Even if rapporteurs helped make the content clearer for participants, CERN’s Public Information Office pointed out that it ‘will probably be too hard to digest for the average reporter and reader, even if cleverly "popularized". Thus the main stress should be placed on personalities and the spirit of international cooperation.’ (See memo.) There were plenty of high profile physicists to choose from, including Nobel Prize winner Wolfgang Pauli; a rare recording of him speaking at the conference is online here.   

This month 57 years ago…

June 1960 - CERN commemorates Wolfgang Pauli

CERN has the privilege of housing the scientific archive of 1945 Nobel-prizewinning physicist Wolfgang Pauli.
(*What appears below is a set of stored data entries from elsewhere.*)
(* Let $(\mathcal{T}^h,\Sigma^h)$ be a fixed non-degenerate tessellation and let $\{\rho^\epsilon\}_{\epsilon>0}\subset\mathcal{P}(\mathcal{T}^h)$ with $\rho^\epsilon\rightharpoonup\rho$ in $\mathcal{P}(\mathcal{T}^h)$ as $\epsilon\to0$. Then \[ \lim_{\epsilon\to0}\mathcal{D}_{\epsilon,h}(\rho^\epsilon)=\mathcal{D}_{\mathrm{up},h}(\rho)=2\sum_{(K,L)\in\Sigma^h}\tau_{K|L}\,\alpha^*_0\Big(u_K,u_L,\frac{q_{K|L}}2\Big),\qquad \alpha^*_0(a,b,q)=\frac12\big(a(q^+)^2+b(q^-)^2\big), \] where $u_K=\rho_K/|K|$ and $q_{K|L}$ is computed from the limit $\rho$.
   Context: Tessellation $(\mathcal{T}^h,\Sigma^h)$ of a bounded convex open $\Omega\subset\mathbb{R}^d$: mutually disjoint open convex cells, $\Sigma^h$ ordered pairs sharing a face $(K|L)$ of positive $\mathcal{H}^{d-1}$-measure, $x_K$ barycenter, $\tau_{K|L}=|(K|L)|/|x_L-x_K|$; non-degenerate (some $\zeta\in(0,1)$ with $B(x_K,\zeta h)\subset K$, $|(K|L)|\ge\zeta h^{d-1}$). $V\in\mathrm{Lip}\cap C^1(\mathbb{R}^d)$ bounded below, $W\ge0$ symmetric with $W\in\mathrm{Lip}(\mathbb{R}^d)\cap C^1(\mathbb{R}^d\setminus\{0\})$; for $\rho\in\mathcal{P}(\mathcal{T}^h)$: $u_K=\rho_K/|K|$, $q_{K|L}=V(x_L)-V(x_K)+\sum_M\rho_M(W(x_L-x_M)-W(x_K-x_M))$; $x^\pm\ge0$ the positive/negative parts. $\Lambda(s,t)=\frac{s-t}{\log s-\log t}$, $\Lambda_H(s,t)=st/\Lambda(s,t)$; $\alpha^*_\epsilon(a,b,\xi)=\epsilon\int_0^\xi\sinh(x/\epsilon)\Lambda_H(ae^{-x/\epsilon},be^{x/\epsilon})\mathrm{d}x$; $\beta_\epsilon(a,b)=\alpha^*_\epsilon(a,b,-\epsilon\log\sqrt{b/a})$ (extended continuously when $a$ or $b$ is $0$); $\mathfrak h(s)=\frac14\frac{e^s-1-s}{\sinh^2(s/2)}$, $\mathbb{h}_\epsilon(a,b,q)=\int_0^1[a\mathfrak h(\lambda q/\epsilon)+b\mathfrak h(-\lambda q/\epsilon)](1-\lambda)\mathrm{d}\lambda$. The discrete Fisher information is $\mathcal{D}_{\epsilon,h}(\rho)=2\sum_{\Sigma^h}\beta_\epsilon(u_K,u_L)\tau_{K|L}+\frac\epsilon2\sum_{\Sigma^h}(u_L-u_K)q_{K|L}\tau_{K|L}+\frac12\sum_{\Sigma^h}|q_{K|L}|^2\mathbb{h}_\epsilon(u_K,u_L,q_{K|L})\tau_{K|L}$ (which equals $2\sum_{\Sigma^h}\tau_{K|L}\alpha^*_\epsilon(u_K,u_L,\xi_{K|L}/2)$ with $\xi_{K|L}=\epsilon\log(u_K/u_L)-q_{K|L}$). *)

theory Defs
  imports "HOL-Analysis.Analysis"
begin

definition omega_vol :: "nat \<Rightarrow> real" where
  "omega_vol s = pi powr (real s / 2) / Gamma (real s / 2 + 1)"

text \<open>The s-dimensional Hausdorff measure, normalised as usual
 (with the convention (diam C)^0 = 1 for nonempty C).\<close>
definition hausdorff_pre :: "nat \<Rightarrow> real \<Rightarrow> 'a::metric_space set \<Rightarrow> ennreal" where
  "hausdorff_pre s \<delta> A =
     (INF C \<in> {C :: nat \<Rightarrow> 'a set. A \<subseteq> (\<Union>i. C i) \<and> (\<forall>i. diameter (C i) \<le> \<delta>)}.
        (\<Sum>i. ennreal (if C i = {} then 0 else omega_vol s * (diameter (C i) / 2) ^ s)))"

definition hausdorff_measure :: "nat \<Rightarrow> 'a::metric_space set \<Rightarrow> ennreal" where
  "hausdorff_measure s A = (SUP \<delta> \<in> {0<..}. hausdorff_pre s \<delta> A)"

definition vol :: "'a::euclidean_space set \<Rightarrow> real" where
  "vol K = measure lebesgue K"

definition bary :: "'a::euclidean_space set \<Rightarrow> 'a" where
  "bary K = integral K (\<lambda>x. x) /\<^sub>R vol K"

definition face_meas :: "'a::euclidean_space set \<Rightarrow> 'a set \<Rightarrow> real" where
  "face_meas K L = enn2real (hausdorff_measure (DIM('a) - 1) (closure K \<inter> closure L))"

definition edges :: "'a::euclidean_space set set \<Rightarrow> ('a set \<times> 'a set) set" where
  "edges T = {(K, L). K \<in> T \<and> L \<in> T \<and> K \<noteq> L \<and>
                hausdorff_measure (DIM('a) - 1) (closure K \<inter> closure L) > 0}"

definition tau :: "'a::euclidean_space set \<Rightarrow> 'a set \<Rightarrow> real" where
  "tau K L = face_meas K L / dist (bary L) (bary K)"

definition mesh :: "'a::euclidean_space set set \<Rightarrow> real" where
  "mesh T = Max (diameter ` T)"

definition tessellation :: "'a::euclidean_space set \<Rightarrow> 'a set set \<Rightarrow> bool" where
  "tessellation \<Omega> T \<longleftrightarrow>
     bounded \<Omega> \<and> convex \<Omega> \<and> open \<Omega> \<and> finite T \<and> T \<noteq> {} \<and>
     (\<forall>K\<in>T. open K \<and> convex K \<and> K \<noteq> {} \<and> K \<subseteq> \<Omega>) \<and>
     (\<forall>K\<in>T. \<forall>L\<in>T. K \<noteq> L \<longrightarrow> K \<inter> L = {}) \<and>
     closure \<Omega> = \<Union> (closure ` T)"

definition nondegenerate :: "'a::euclidean_space set set \<Rightarrow> bool" where
  "nondegenerate T \<longleftrightarrow>
     (\<exists>\<zeta>. 0 < \<zeta> \<and> \<zeta> < 1 \<and>
        (\<forall>K\<in>T. ball (bary K) (\<zeta> * mesh T) \<subseteq> K) \<and>
        (\<forall>(K, L)\<in>edges T. face_meas K L \<ge> \<zeta> * mesh T ^ (DIM('a) - 1)))"

definition prob_on :: "'a set set \<Rightarrow> ('a set \<Rightarrow> real) \<Rightarrow> bool" where
  "prob_on T \<rho> \<longleftrightarrow> (\<forall>K\<in>T. 0 \<le> \<rho> K) \<and> (\<Sum>K\<in>T. \<rho> K) = 1"

definition dens :: "('a::euclidean_space set \<Rightarrow> real) \<Rightarrow> 'a set \<Rightarrow> real" where
  "dens \<rho> K = \<rho> K / vol K"

definition qKL :: "('a::euclidean_space \<Rightarrow> real) \<Rightarrow> ('a \<Rightarrow> real) \<Rightarrow> 'a set set
                    \<Rightarrow> ('a set \<Rightarrow> real) \<Rightarrow> 'a set \<Rightarrow> 'a set \<Rightarrow> real" where
  "qKL V W T \<rho> K L = V (bary L) - V (bary K) +
     (\<Sum>M\<in>T. \<rho> M * (W (bary L - bary M) - W (bary K - bary M)))"

definition LogMean :: "real \<Rightarrow> real \<Rightarrow> real" where
  "LogMean s t = (if s = 0 \<or> t = 0 then 0 else if s = t then s else (s - t) / (ln s - ln t))"

definition LogMeanH :: "real \<Rightarrow> real \<Rightarrow> real" where
  "LogMeanH s t = (if s = 0 \<or> t = 0 then 0 else s * t / LogMean s t)"

definition alpha_star :: "real \<Rightarrow> real \<Rightarrow> real \<Rightarrow> real \<Rightarrow> real" where
  "alpha_star \<epsilon> a b \<xi> = \<epsilon> * interval_lebesgue_integral lborel (ereal 0) (ereal \<xi>)
      (\<lambda>x. sinh (x / \<epsilon>) * LogMeanH (a * exp (- x / \<epsilon>)) (b * exp (x / \<epsilon>)))"

definition beta_pos :: "real \<Rightarrow> real \<Rightarrow> real \<Rightarrow> real" where
  "beta_pos \<epsilon> a b = alpha_star \<epsilon> a b (- \<epsilon> * ln (sqrt (b / a)))"

definition beta :: "real \<Rightarrow> real \<Rightarrow> real \<Rightarrow> real" where
  "beta \<epsilon> a b = (if 0 < a \<and> 0 < b then beta_pos \<epsilon> a b
      else Lim (at (a, b) within {p. 0 < fst p \<and> 0 < snd p}) (\<lambda>p. beta_pos \<epsilon> (fst p) (snd p)))"

definition frakh :: "real \<Rightarrow> real" where
  "frakh s = (if s = 0 then 1 / 2 else (exp s - 1 - s) / (4 * (sinh (s / 2))\<^sup>2))"

definition hh :: "real \<Rightarrow> real \<Rightarrow> real \<Rightarrow> real \<Rightarrow> real" where
  "hh \<epsilon> a b q = interval_lebesgue_integral lborel (ereal 0) (ereal 1)
      (\<lambda>t. (a * frakh (t * q / \<epsilon>) + b * frakh (- t * q / \<epsilon>)) * (1 - t))"

definition alpha0 :: "real \<Rightarrow> real \<Rightarrow> real \<Rightarrow> real" where
  "alpha0 a b q = (a * (max q 0)\<^sup>2 + b * (max (- q) 0)\<^sup>2) / 2"

definition D_eps :: "real \<Rightarrow> ('a::euclidean_space \<Rightarrow> real) \<Rightarrow> ('a \<Rightarrow> real) \<Rightarrow> 'a set set
                      \<Rightarrow> ('a set \<Rightarrow> real) \<Rightarrow> real" where
  "D_eps \<epsilon> V W T \<rho> =
     2 * (\<Sum>(K, L)\<in>edges T. beta \<epsilon> (dens \<rho> K) (dens \<rho> L) * tau K L)
   + \<epsilon> / 2 * (\<Sum>(K, L)\<in>edges T. (dens \<rho> L - dens \<rho> K) * qKL V W T \<rho> K L * tau K L)
   + 1 / 2 * (\<Sum>(K, L)\<in>edges T. (qKL V W T \<rho> K L)\<^sup>2
                 * hh \<epsilon> (dens \<rho> K) (dens \<rho> L) (qKL V W T \<rho> K L) * tau K L)"

definition D_up :: "('a::euclidean_space \<Rightarrow> real) \<Rightarrow> ('a \<Rightarrow> real) \<Rightarrow> 'a set set
                      \<Rightarrow> ('a set \<Rightarrow> real) \<Rightarrow> real" where
  "D_up V W T \<rho> =
     2 * (\<Sum>(K, L)\<in>edges T. tau K L * alpha0 (dens \<rho> K) (dens \<rho> L) (qKL V W T \<rho> K L / 2))"

end

theory Submission
  imports Defs "HOL-Real_Asymp.Real_Asymp"
begin

(* The substitution x = eps (m - w), m = ln (a / b) / 2, turns beta_pos eps a b into
   eps^2 * beta_integral (max a b) (min a b), and beta_integral x y = x K (m) - y L (m) with
   K = decay_integral and L = growth_integral. The bounds 0 <= K <= 1/2 and y L (m) <= sqrt (x y) / 2
   give |beta eps a b| <= eps^2 max a b / 2, also on the boundary a b = 0, where beta is defined as a
   limit (which exists because K is monotone). So the beta-term of D_eps vanishes, as does the middle
   term, which carries a factor eps. In the last term hh eps a b q = a P (q / eps) + b P (- q / eps) with
   P = frakh_integral; since frakh s + frakh (- s) = 1 and frakh tends to 1 at infinity, P tends to 1/2
   at +infinity and to 0 at -infinity, so q^2 hh eps a b q tends to alpha0 a b q. *)

lemma interval_integral_affine:
  fixes f :: "real \<Rightarrow> real"
  assumes c: "0 < c"
  shows "(LBINT x=ereal (t + c * a)..ereal (t + c * b). f x) = c * (LBINT w=ereal a..ereal b. f (t + c * w))"
proof (induct a b rule: linorder_wlog)
  case (sym a b)
  then show ?case
    by (metis interval_integral_endpoints_reverse mult_minus_right)
next
  case (le a b)
  have ind: "indicator {t + c * a<..<t + c * b} (t + c * w) = (indicator {a<..<b} w :: real)" for w
    using c by (auto simp: indicator_def)
  have "(LBINT x=ereal (t + c * a)..ereal (t + c * b). f x)
      = (\<integral>x. indicator {t + c * a<..<t + c * b} x *\<^sub>R f x \<partial>lborel)"
    using le c by (simp add: interval_lebesgue_integral_def set_lebesgue_integral_def)
  also have "\<dots> = \<bar>c\<bar> *\<^sub>R (\<integral>w. indicator {t + c * a<..<t + c * b} (t + c * w) *\<^sub>R f (t + c * w) \<partial>lborel)"
    using c by (intro lborel_integral_real_affine) simp
  also have "\<dots> = c * (LBINT w=ereal a..ereal b. f (t + c * w))"
    using le c by (simp add: ind interval_lebesgue_integral_def set_lebesgue_integral_def)
  finally show ?case .
qed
This small but historically valuable collection was donated by Pauli’s widow who, with the help of friends, tracked down originals or copies of his numerous letters. This correspondence, with Bohr, Heisenberg, Einstein and others, provides an invaluable resource on the development of 20th century science.
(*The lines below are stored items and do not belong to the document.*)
lemma transverse_parts_unique:
  assumes "linear P" "inj P" "n \<notin> range P" and eq: "P a + c *\<^sub>R n = P a' + c' *\<^sub>R n"
  shows "a = a' \<and> c = c'"
proof -
  have diff: "P (a - a') = (c' - c) *\<^sub>R n"
    using eq \<open>linear P\<close> by (simp add: linear_diff algebra_simps)
  have "c' = c"
  proof (rule ccontr)
    assume "c' \<noteq> c"
    then have "P ((1 / (c' - c)) *\<^sub>R (a - a')) = n"
      using diff \<open>linear P\<close> by (simp add: linear_scale)
    with \<open>n \<notin> range P\<close> show False by blast
  qed
  with diff have "P (a - a') = 0" by simp
  then have "a - a' = 0" using \<open>inj P\<close> \<open>linear P\<close> linear_injective_0 by blast
  with \<open>c' = c\<close> show ?thesis by simp
qed

lemma transverse_parts_eq:
  assumes "linear P" "inj P" "n \<notin> range P"
  shows "transverse_parts P n (P a + c *\<^sub>R n) = (a, c)"
  unfolding transverse_parts_def
proof (rule the_equality)
  fix ac assume "P a + c *\<^sub>R n = P (fst ac) + snd ac *\<^sub>R n"
  then have "a = fst ac \<and> c = snd ac" by (rule transverse_parts_unique[OF assms])
  then show "ac = (a, c)" by (simp add: prod_eq_iff)
qed simp

lemma transverse_parts_decompose:
  assumes "linear P" "inj P" "n \<notin> range P" and "\<exists>a c. w = P a + c *\<^sub>R n"
  shows "w = P (fst (transverse_parts P n w)) + snd (transverse_parts P n w) *\<^sub>R n"
proof -
  obtain a c where "w = P a + c *\<^sub>R n" using assms(4) by blast
  then show ?thesis by (simp add: transverse_parts_eq[OF assms(1-3)])
qed

lemma complement_line_not_in_range:
  fixes P :: "real^'m \<Rightarrow> real^'n"
  assumes "CARD('n) = CARD('m) + 1" and "linear P" and span: "\<forall>w. \<exists>a c. w = P a + c *\<^sub>R n"
  shows "n \<notin> range P"
proof
  assume "n \<in> range P"
  then obtain b where b: "P b = n" by blast
  have "range P = UNIV"
  proof (intro set_eqI iffI)
    fix w :: "real^'n"
    obtain a c where "w = P a + c *\<^sub>R n" using span by blast
    then have "w = P (a + c *\<^sub>R b)" using b \<open>linear P\<close> by (simp add: linear_add linear_scale)
    then show "w \<in> range P" by blast
  qed auto
  then have "dim (UNIV::(real^'n) set) \<le> dim (UNIV::(real^'m) set)"
    using dim_image_le[OF \<open>linear P\<close>, of UNIV] by simp
  with assms(1) show False by (simp add: dim_UNIV)
qed

lemma Ufield_commute:
  assumes "open U" "p \<in> U" "\<forall>p\<in>U. transpose (g p) = g p"
  shows "Ufield g l l2 p a b = Ufield g l l2 p b a"
proof -
  have "dir (\<lambda>x. bil (g x) a b) p = dir (\<lambda>x. bil (g x) b a) p"
    using assms by (intro dir_cong_open[of U]) (auto intro: bil_commute)
  moreover have sym: "bil (g p) x y = bil (g p) y x" for x y using assms bil_commute by blast
  ultimately show ?thesis unfolding Ufield_def
    using sym[of "dir (nfield g l l2) p a" b] sym[of a "dir (nfield g l l2) p b"] by simp
qed

locale transverse_section =
  fixes U :: "(real^'n) set" and g :: "real^'n \<Rightarrow> real^'n^'n" and l :: "real^'n \<Rightarrow> real^'n"
    and l2 :: "real^'n \<Rightarrow> real" and Gam :: "real^'n \<Rightarrow> real^'n \<Rightarrow> real^'n \<Rightarrow> real^'n"
    and V :: "(real^'m) set" and psi :: "real^'m \<Rightarrow> real^'n"
    and Gh :: "real^'m \<Rightarrow> real^'m \<Rightarrow> real^'m \<Rightarrow> real^'m" and q :: "real^'m"
  assumes dim: "CARD('n) = CARD('m) + 1"
    and data: "null_mhd U g l l2"
    and circ: "is_nabla_circ U g l l2 Gam"
    and emb: "transverse_embedding U g l l2 V psi"
    and lc: "is_levi_civita V (hS g psi) Gh"
    and q: "q \<in> V"
begin

abbreviation "p \<equiv> psi q"
abbreviation "P \<equiv> dir psi q"
abbreviation "np \<equiv> nfield g l l2 (psi q)"
abbreviation "h \<equiv> hS g psi q"
abbreviation "Uq \<equiv> Upar g l l2 psi q"
abbreviation "ls \<equiv> lsharp g l psi q"

lemma p_in_U: "p \<in> U"
  using emb q unfolding transverse_embedding_def by blast

lemma g_differentiable: "g differentiable (at p)" and l_differentiable: "l differentiable (at p)"
  using data p_in_U unfolding null_mhd_def by blast+

lemma np_null: "bil (g p) np Z = 0" "bil (g p) Z np = 0" "l p \<bullet> np = 1"
  and np_radical: "\<forall>Z. bil (g p) W Z = 0 \<Longrightarrow> W = (l p \<bullet> W) *\<^sub>R np"
proof -
  have nd: "nondeg_A (g p) (l p) (l2 p)" and null: "snd (nvec (g p) (l p) (l2 p)) = 0"
    and sym: "transpose (g p) = g p"
    using data p_in_U unfolding null_mhd_def n2field_def by auto
  show "bil (g p) np Z = 0" "l p \<bullet> np = 1"
    using null_nvec[OF nd null] unfolding nfield_def by auto
  then show "bil (g p) Z np = 0" using bil_commute[OF sym] by metis
  show "\<forall>Z. bil (g p) W Z = 0 \<Longrightarrow> W = (l p \<bullet> W) *\<^sub>R np"
    using null_radical[OF nd null] unfolding nfield_def by blast
qed

lemma psi_has_derivative: "r \<in> V \<Longrightarrow> (psi has_derivative dir psi r) (at r)"
  using emb has_derivative_dir unfolding transverse_embedding_def by blast

lemma linear_dpsi: "r \<in> V \<Longrightarrow> linear (dir psi r)"
  using psi_has_derivative has_derivative_linear by blast

lemma inj_P: "inj P" and span_P_np: "\<forall>w. \<exists>a c. w = P a + c *\<^sub>R np"
  using emb q unfolding transverse_embedding_def by blast+

lemma np_not_in_range: "np \<notin> range P"
  using complement_line_not_in_range[OF dim linear_dpsi[OF q] span_P_np] .

lemmas P_transversal = linear_dpsi[OF q] inj_P np_not_in_range

definition Hess :: "real^'m \<Rightarrow> real^'m \<Rightarrow> real^'n" where
  "Hess a b = dir (\<lambda>r. dir psi r b) q a"

lemma Hess_has_derivative: "((\<lambda>r. dir psi r b) has_derivative (\<lambda>a. Hess a b)) (at q)"
  using emb q has_derivative_dir[of "\<lambda>r. dir psi r b" q]
  unfolding transverse_embedding_def Hess_def by blast

lemma Hess_commute: "Hess a b = Hess b a"
  using emb second_derivative_symmetric[OF _ q psi_has_derivative Hess_has_derivative Hess_has_derivative]
  unfolding transverse_embedding_def by metis

definition K :: "real^'m \<Rightarrow> real^'m \<Rightarrow> real^'n" where
  "K a b = Hess a b + Gam p (P a) (P b)"

definition GamS :: "real^'m \<Rightarrow> real^'m \<Rightarrow> real^'m" where
  "GamS a b = fst (transverse_parts P np (K a b))"

definition Om :: "real^'m \<Rightarrow> real^'m \<Rightarrow> real" where
  "Om a b = snd (transverse_parts P np (K a b))"

lemma K_decompose: "K a b = P (GamS a b) + Om a b *\<^sub>R np"
  unfolding GamS_def Om_def using transverse_parts_decompose[OF P_transversal span_P_np[rule_format]] .

lemma K_commute: "K a b = K b a"
  using circ p_in_U unfolding K_def is_nabla_circ_def by (metis Hess_commute)

lemma GamS_commute: "GamS a b = GamS b a" and Om_commute: "Om a b = Om b a"
  unfolding GamS_def Om_def by (simp_all only: K_commute[of a b])

lemma h_eq: "h a b = bil (g p) (P a) (P b)"
  unfolding hS_def ..

lemma bilinear_h: "bilinear h"
  using linear_dpsi[OF q] unfolding bilinear_def h_eq
  by (auto intro!: linearI simp: linear_add linear_scale bil_linear_simps)

lemma h_commute: "h a b = h b a"
  using data p_in_U bil_commute unfolding null_mhd_def h_eq by metis

lemma h_nondegenerate:
  assumes "\<forall>c. h v c = 0"
  shows "v = 0"
proof -
  have "bil (g p) (P v) W = 0" for W
  proof -
    obtain a c where "W = P a + c *\<^sub>R np" using span_P_np by blast
    then show ?thesis using assms np_null(2) by (simp add: h_eq bil_linear_simps)
  qed
  then have "P v = (l p \<bullet> P v) *\<^sub>R np" using np_radical by blast
  then have "P v = P 0 + (l p \<bullet> P v) *\<^sub>R np" using linear_0[OF linear_dpsi[OF q]] by simp
  moreover have "P v = P v + 0 *\<^sub>R np" by simp
  ultimately show "v = 0" using transverse_parts_unique[OF P_transversal] by metis
qed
Franca Pauli can be seen here with two of CERN’s founding fathers, Francis Perrin and François de Rose, at the inauguration of CERN’s Pauli Memorial Room (Salle Pauli) on 14 June 1960 (press release, in French). The Archive also includes photographs, manuscripts, notes, and a rare audio recording of Pauli lecturing in 1958. Many items have been digitized and are available online; more information is available here.

This month 40 years ago…

May 1977 – Inaugurating the Super Proton Synchrotron

On 7 may 1977 Europe inaugurated the world’s largest accelerator – the Super Proton Synchrotron; you can read all about it in the CERN Courier.


But what was happening behind the scenes? Did you know that organising secretary, Miss Steel, set up a massive card index to keep track of the guests, entering all the details on 6,000 colour-coded cards? She also insisted on sending reply cards to the VIPs, even though treating them like ordinary mortals was considered infra dig; she said the higher you go in a hierarchy, the less legible signatures become, and she wanted to know who the replies came from. Logistics were further complicated by differing conceptions between the different countries as to what constituted an “official delegate”. Her unofficial report makes interesting reading too.